Instructions to follow
Which lines in the records below mention the word "disj"? Copy each one out.

Data for processing

lemma lead_verticesI: "ceq w (x # w') \<Longrightarrow> fst x \<in> lead_vertices w"
  unfolding lead_vertices_def can_lead_def by blast

lemma lead_verticesE:
  assumes "u \<in> lead_vertices w"
  obtains x w' where "u = fst x" "ceq w (x # w')"
  using assms unfolding lead_vertices_def can_lead_def by blast

lemma Sset_reduced: "reduced w \<Longrightarrow> Sset E (cls E w) = lead_vertices w"
proof (rule set_eqI, rule iffI)
  fix v assume r: "reduced w" and "v \<in> Sset E (cls E w)"
  then obtain b h where h: "h \<in> raag E" "cls E w = gmul E (gen E v b) h" "glen (cls E w) = 1 + glen h"
    unfolding Sset_def by blast
  obtain u where u: "h = cls E u" "reduced u" using raag_reduced_word[OF h(1)] by blast
  have "cls E w = cls E ((v, b) # u)" using h(2) u by (simp add: gen_def gmul_cls)
  then have vu: "(v, b) # u \<in> cls E w" by (simp add: in_cls)
  moreover have "length ((v, b) # u) = glen (cls E w)" using h(3) u glen_reduced by simp
  ultimately have "reduced ((v, b) # u)" by (rule shortest_word_reduced)
  with r vu have "ceq w ((v, b) # u)" using reduced_weq_imp_ceq in_cls by blast
  then show "v \<in> lead_vertices w" using lead_verticesI by fastforce
next
  fix v assume r: "reduced w" and "v \<in> lead_vertices w"
  from \<open>v \<in> lead_vertices w\<close> obtain x w' where x: "v = fst x" "ceq w (x # w')"
    by (rule lead_verticesE)
  have rw': "reduced w'" using reduced_ceq[OF x(2) r] by (simp add: reduced_Cons_iff)
  have "cls E w = cls E (x # w')" using cls_eq ceq_weq x(2) by blast
  also have "\<dots> = gmul E (gen E v (snd x)) (cls E w')"
    using x(1) by (cases x) (simp add: gen_def gmul_cls)
  finally have "cls E w = gmul E (gen E v (snd x)) (cls E w')" .
  moreover have "glen (cls E w) = 1 + glen (cls E w')"
    using glen_reduced[OF r] glen_reduced[OF rw'] ceq_length[OF x(2)] by simp
  ultimately show "v \<in> Sset E (cls E w)" unfolding Sset_def using cls_in_raag by blast
qed

section \<open>The conical decomposition\<close>

definition blocks :: "'v letter list \<Rightarrow> 'v letter \<Rightarrow> bool" where
  "blocks c y \<longleftrightarrow> (\<exists>q\<in>set c. E (fst q) (fst y) \<or> fst q = fst y)"

text \<open>A reduced cone at v represents a v-conical element (cone_lead_vertices).\<close>

inductive cone :: "'v \<Rightarrow> 'v letter list \<Rightarrow> bool" for v where
  single: "cone v [(v, b)]"
| snoc: "cone v c \<Longrightarrow> blocks c y \<Longrightarrow> cone v (c @ [y])"

lemma cone_hd: "cone v c \<Longrightarrow> \<exists>b c'. c = (v, b) # c'"
  by (induction rule: cone.induct) auto

lemma cone_apex_in: "cone v c \<Longrightarrow> v \<in> fst ` set c"
  using cone_hd by fastforce
lemma sum_squares_powr_three_halves_le_sum_cubes:
  fixes a :: "'a \<Rightarrow> real"
  assumes nonneg: "\<And>i. i \<in> I \<Longrightarrow> 0 \<le> a i" and "finite I" "I \<noteq> {}"
  shows "(\<Sum>i\<in>I. a i ^ 2) powr (3/2) / sqrt (card I) \<le> (\<Sum>i\<in>I. a i ^ 3)"
proof -
  define S T U where "S = (\<Sum>i\<in>I. a i ^ 2)" and "T = (\<Sum>i\<in>I. a i ^ 3)" and "U = (\<Sum>i\<in>I. a i)"
  define k where "k = real (card I)"
  have "k > 0" using assms unfolding k_def by (simp add: card_gt_0_iff)
  have "S \<ge> 0" "T \<ge> 0"
    unfolding S_def T_def using nonneg by (auto intro: sum_nonneg)
  have "S\<^sup>2 \<le> T * U"
  proof -
    have "(\<Sum>i\<in>I. (a i * sqrt (a i)) * sqrt (a i))\<^sup>2
        \<le> (\<Sum>i\<in>I. (a i * sqrt (a i))\<^sup>2) * (\<Sum>i\<in>I. (sqrt (a i))\<^sup>2)"
      by (rule Cauchy_Schwarz_ineq_sum)
    moreover have "(a i * sqrt (a i)) * sqrt (a i) = a i ^ 2" "(a i * sqrt (a i))\<^sup>2 = a i ^ 3"
      "(sqrt (a i))\<^sup>2 = a i" if "i \<in> I" for i
      using nonneg[OF that] by (simp_all add: power2_eq_square power3_eq_cube)
    ultimately show ?thesis unfolding S_def T_def U_def by (simp cong: sum.cong)
  qed
  have "U\<^sup>2 \<le> k * S"
    using sum_squared_le_sum_of_squares[of a I] unfolding S_def U_def k_def by (simp add: mult.commute)
  have "S ^ 4 \<le> T\<^sup>2 * (k * S)"
  proof -
    have "S ^ 4 = (S\<^sup>2)\<^sup>2" by simp
    also have "\<dots> \<le> (T * U)\<^sup>2" using \<open>S\<^sup>2 \<le> T * U\<close> by (intro power_mono) auto
    also have "\<dots> = T\<^sup>2 * U\<^sup>2" by (rule power_mult_distrib)
    also have "\<dots> \<le> T\<^sup>2 * (k * S)" using \<open>U\<^sup>2 \<le> k * S\<close> by (intro mult_left_mono) auto
    finally show ?thesis .
  qed
  hence "S ^ 3 \<le> k * T\<^sup>2"
    using \<open>S \<ge> 0\<close> \<open>k > 0\<close>
    by (cases "S = 0") (simp, auto simp: numeral_eq_Suc mult_le_cancel_left_pos mult_ac)
  hence "S powr (3/2) \<le> sqrt k * T"
    using \<open>S \<ge> 0\<close> \<open>T \<ge> 0\<close> real_sqrt_le_mono[of "S^3" "k * T\<^sup>2"]
    by (simp add: powr_three_halves real_sqrt_mult power3_eq_cube)
  thus ?thesis using \<open>k > 0\<close> unfolding S_def T_def k_def by (simp add: divide_le_eq mult.commute)
qed
lemma staircase_odd_sum_ge: "l div 2 \<le> staircase_odd_sum l"
proof -
  have "l div 2 \<le> (l + 1) div 2" by simp
  also have "\<dots> \<le> (l + 1) div 2 * ((l + 2) div 2)" by simp
  finally show ?thesis by (simp add: staircase_odd_sum_def)
qed

lemma staircase_le_odd_pos_sum:
  assumes "p \<in> distinct_partitions l"
  shows "staircase_odd_sum l \<le> odd_pos_sum p"
proof -
  have "is_distinct_partition p" "length p = l" using assms by (auto simp: distinct_partitions_def)
  then have "odd_pos_sum p = sum_list (code_of_distinct p) + staircase_odd_sum l"
    using distinct_of_code_of_distinct[of p] odd_pos_sum_distinct_of_code[of "code_of_distinct p"]
    by simp
  then show ?thesis by simp
qed

(* Even lengths are written 2 * m + 0 so that both parities are instances of the next lemma. *)
lemma distinct_partitions_parity_UN:
  "{p. is_distinct_partition p \<and> odd (length p)} = (\<Union>m. distinct_partitions (2 * m + 1))"
  "{p. is_distinct_partition p \<and> even (length p)} = (\<Union>m. distinct_partitions (2 * m + 0))"
proof -
  have "odd n \<longleftrightarrow> (\<exists>m. n = 2 * m + 1)" for n :: nat
    by (auto elim!: oddE)
  moreover have "even n \<longleftrightarrow> (\<exists>m. n = 2 * m + 0)" for n :: nat
    by (auto simp: dvd_def)
  ultimately show "{p. is_distinct_partition p \<and> odd (length p)} = (\<Union>m. distinct_partitions (2 * m + 1))"
    "{p. is_distinct_partition p \<and> even (length p)} = (\<Union>m. distinct_partitions (2 * m + 0))"
    by (auto simp: distinct_partitions_def)
qed

lemma
  fixes b :: nat
  shows finite_fibres_distinct_parity: "finite_fibres (\<Union>m. distinct_partitions (2 * m + b)) odd_pos_sum"
    and gen_fun_distinct_parity_nth: "gen_fun (\<Union>m. distinct_partitions (2 * m + b)) odd_pos_sum $ n
           = (\<Sum>m\<le>n. gen_fun (distinct_partitions (2 * m + b)) odd_pos_sum) $ n"
proof -
  have bound: "m \<le> odd_pos_sum p" if "p \<in> distinct_partitions (2 * m + b)" for m p
  proof -
    have "m \<le> (2 * m + b) div 2" by simp
    also have "\<dots> \<le> staircase_odd_sum (2 * m + b)" by (rule staircase_odd_sum_ge)
    also have "\<dots> \<le> odd_pos_sum p" using that by (rule staircase_le_odd_pos_sum)
    finally show ?thesis .
  qed
  show "finite_fibres (\<Union>m. distinct_partitions (2 * m + b)) odd_pos_sum"
    by (rule finite_fibres_UN[where A = "\<lambda>m. distinct_partitions (2 * m + b)"])
      (use bound finite_fibres_distinct_partitions in auto)
  have disj: "distinct_partitions (2 * i + b) \<inter> distinct_partitions (2 * j + b) = {}" if "i \<noteq> j" for i j
    using that by (auto simp: distinct_partitions_def)
  show "gen_fun (\<Union>m. distinct_partitions (2 * m + b)) odd_pos_sum $ n
      = (\<Sum>m\<le>n. gen_fun (distinct_partitions (2 * m + b)) odd_pos_sum) $ n"
    by (rule gen_fun_UN_nth[where A = "\<lambda>m. distinct_partitions (2 * m + b)"])
      (use disj bound finite_fibres_distinct_partitions in auto)
qed

section \<open>Partitions of crank at most -1 and of crank 0\<close>

lemma length_filter_mono:
  assumes "\<And>x. P x \<Longrightarrow> Q x"
  shows "length (filter P xs) \<le> length (filter Q xs)"
proof -
  have "filter P xs = filter P (filter Q xs)" using assms by (induct xs) auto
  then show ?thesis by (metis length_filter_le)
qed

lemma nonincr_eq_filter_append:
  assumes "sorted_wrt (\<ge>) xs" "\<And>x y. P y \<Longrightarrow> y \<le> x \<Longrightarrow> P x"
  shows "xs = filter P xs @ filter (\<lambda>x. \<not> P x) (xs :: nat list)"
  using assms(1)
proof (induct xs)
  case (Cons x xs)
  have srt: "sorted_wrt (\<ge>) xs" and le: "\<forall>y\<in>set xs. y \<le> x" using Cons.prems by auto
  show ?case
  proof (cases "P x")
    case True
    then show ?thesis using Cons.hyps[OF srt] by simp
  next
    case False
    then have "filter P xs = []" using le assms(2) by (auto simp: filter_empty_conv)
    moreover from this have "filter (\<lambda>x. \<not> P x) xs = xs" using Cons.hyps[OF srt] by simp
    ultimately show ?thesis using False by simp
  qed
qed simp

lemma nonincr_take_upward:
  assumes "sorted_wrt (\<ge>) xs" "\<And>x y. P y \<Longrightarrow> y \<le> x \<Longrightarrow> P x"
    and "n \<le> length (filter P xs)" "x \<in> set (take n xs)"
  shows "P (x :: nat)"
proof -
  let ?F = "filter P xs" and ?G = "filter (\<lambda>x. \<not> P x) xs"
  have "take n xs = take n (?F @ ?G)"
    using nonincr_eq_filter_append[OF assms(1,2)] by simp
  also have "\<dots> = take n ?F" using assms(3) by simp
  finally have "x \<in> set ?F" using assms(4) by (metis in_set_takeD)
  then show ?thesis by simp
qed
lemma sum_nonneg_support_int:
  fixes c :: "int \<Rightarrow> 'a::comm_monoid_add"
  assumes neg: "\<And>n. n < 0 \<Longrightarrow> c n = 0"
  shows "{n. c n \<noteq> 0} = int ` {j. c (int j) \<noteq> 0}"
    and "sum c {n. c n \<noteq> 0} = (\<Sum>j | c (int j) \<noteq> 0. c (int j))"
proof -
  show s: "{n. c n \<noteq> 0} = int ` {j. c (int j) \<noteq> 0}"
  proof (intro set_eqI iffI)
    fix n assume "n \<in> {n. c n \<noteq> 0}"
    then have "n \<ge> 0" "c n \<noteq> 0" using neg by (auto simp: not_less[symmetric])
    then show "n \<in> int ` {j. c (int j) \<noteq> 0}" by (auto intro!: image_eqI[of _ _ "nat n"])
  qed auto
  show "sum c {n. c n \<noteq> 0} = (\<Sum>j | c (int j) \<noteq> 0. c (int j))"
    unfolding s by (simp add: sum.reindex)
qed

lemma int_grading_components_exist:
  assumes D: "direct_sum_decomp G"
  shows "\<exists>c. finite {n. c n \<noteq> 0} \<and> (\<forall>n. c n \<in> int_grading G n) \<and> x = sum c {n. c n \<noteq> 0}"
proof -
  obtain c A where cA: "finite A" "\<And>j. c j \<in> G j" "x = sum c A"
    using direct_sum_decomp_components[OF D, of x] by blast
  define c' where "c' n = (if 0 \<le> n \<and> nat n \<in> A then c (nat n) else 0)" for n
  have neg: "n < 0 \<Longrightarrow> c' n = 0" for n by (simp add: c'_def)
  have c'_int: "c' (int j) = (if j \<in> A then c j else 0)" for j by (simp add: c'_def)
  have "finite {j. c' (int j) \<noteq> 0}"
    using cA(1) by (rule finite_subset[rotated]) (auto simp: c'_int split: if_splits)
  then have fin: "finite {n. c' n \<noteq> 0}" using sum_nonneg_support_int(1)[of c', OF neg] by simp
  have "sum c' {n. c' n \<noteq> 0} = (\<Sum>j | c' (int j) \<noteq> 0. c' (int j))"
    by (rule sum_nonneg_support_int(2)[of c', OF neg])
  also have "\<dots> = (\<Sum>j\<in>A. c' (int j))"
    by (rule sum.mono_neutral_left[OF cA(1)]) (auto simp: c'_int split: if_splits)
  also have "\<dots> = x" using cA(3) by (simp add: c'_int)
  moreover have "c' n \<in> int_grading G n" for n
    using cA(2) D by (auto simp: c'_def int_grading_def direct_sum_decomp_zero)
  ultimately show ?thesis using fin by metis
qed

lemma int_grading_components_unique:
  assumes D: "direct_sum_decomp G"
    and c1: "finite {n. c1 n \<noteq> 0}" "\<forall>n. c1 n \<in> int_grading G n"
    and c2: "finite {n. c2 n \<noteq> 0}" "\<forall>n. c2 n \<in> int_grading G n"
    and eq: "sum c1 {n. c1 n \<noteq> 0} = sum c2 {n. c2 n \<noteq> 0}"
  shows "c1 = c2"
proof -
  have neg: "n < 0 \<Longrightarrow> c1 n = 0" "n < 0 \<Longrightarrow> c2 n = 0" for n
    using c1(2) c2(2) by (auto simp: int_grading_def dest!: spec[of _ n])
  have fin: "finite {j. c1 (int j) \<noteq> 0}" "finite {j. c2 (int j) \<noteq> 0}"
    using c1(1) c2(1) sum_nonneg_support_int(1)[of c1] sum_nonneg_support_int(1)[of c2] neg
    by (auto dest: finite_imageD simp: inj_on_def)
  have "(\<lambda>j. c1 (int j)) = (\<lambda>j. c2 (int j))"
  proof (rule direct_sum_decomp_components_unique[OF D fin])
    show "c1 (int j) \<in> G j" "c2 (int j) \<in> G j" for j
      using c1(2) c2(2) by (auto simp: int_grading_def dest!: spec[of _ "int j"])
    show "(\<Sum>j | c1 (int j) \<noteq> 0. c1 (int j)) = (\<Sum>j | c2 (int j) \<noteq> 0. c2 (int j))"
      using eq sum_nonneg_support_int(2)[of c1] sum_nonneg_support_int(2)[of c2] neg by metis
  qed auto
  then have "c1 n = c2 n" for n
    by (cases "n < 0") (auto simp: neg dest: fun_cong[of _ _ "nat n"])
  then show ?thesis by auto
qed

Answer to this task
  have disj: "distinct_partitions (2 * i + b) \<inter> distinct_partitions (2 * j + b) = {}" if "i \<noteq> j" for i j
      (use disj bound finite_fibres_distinct_partitions in auto)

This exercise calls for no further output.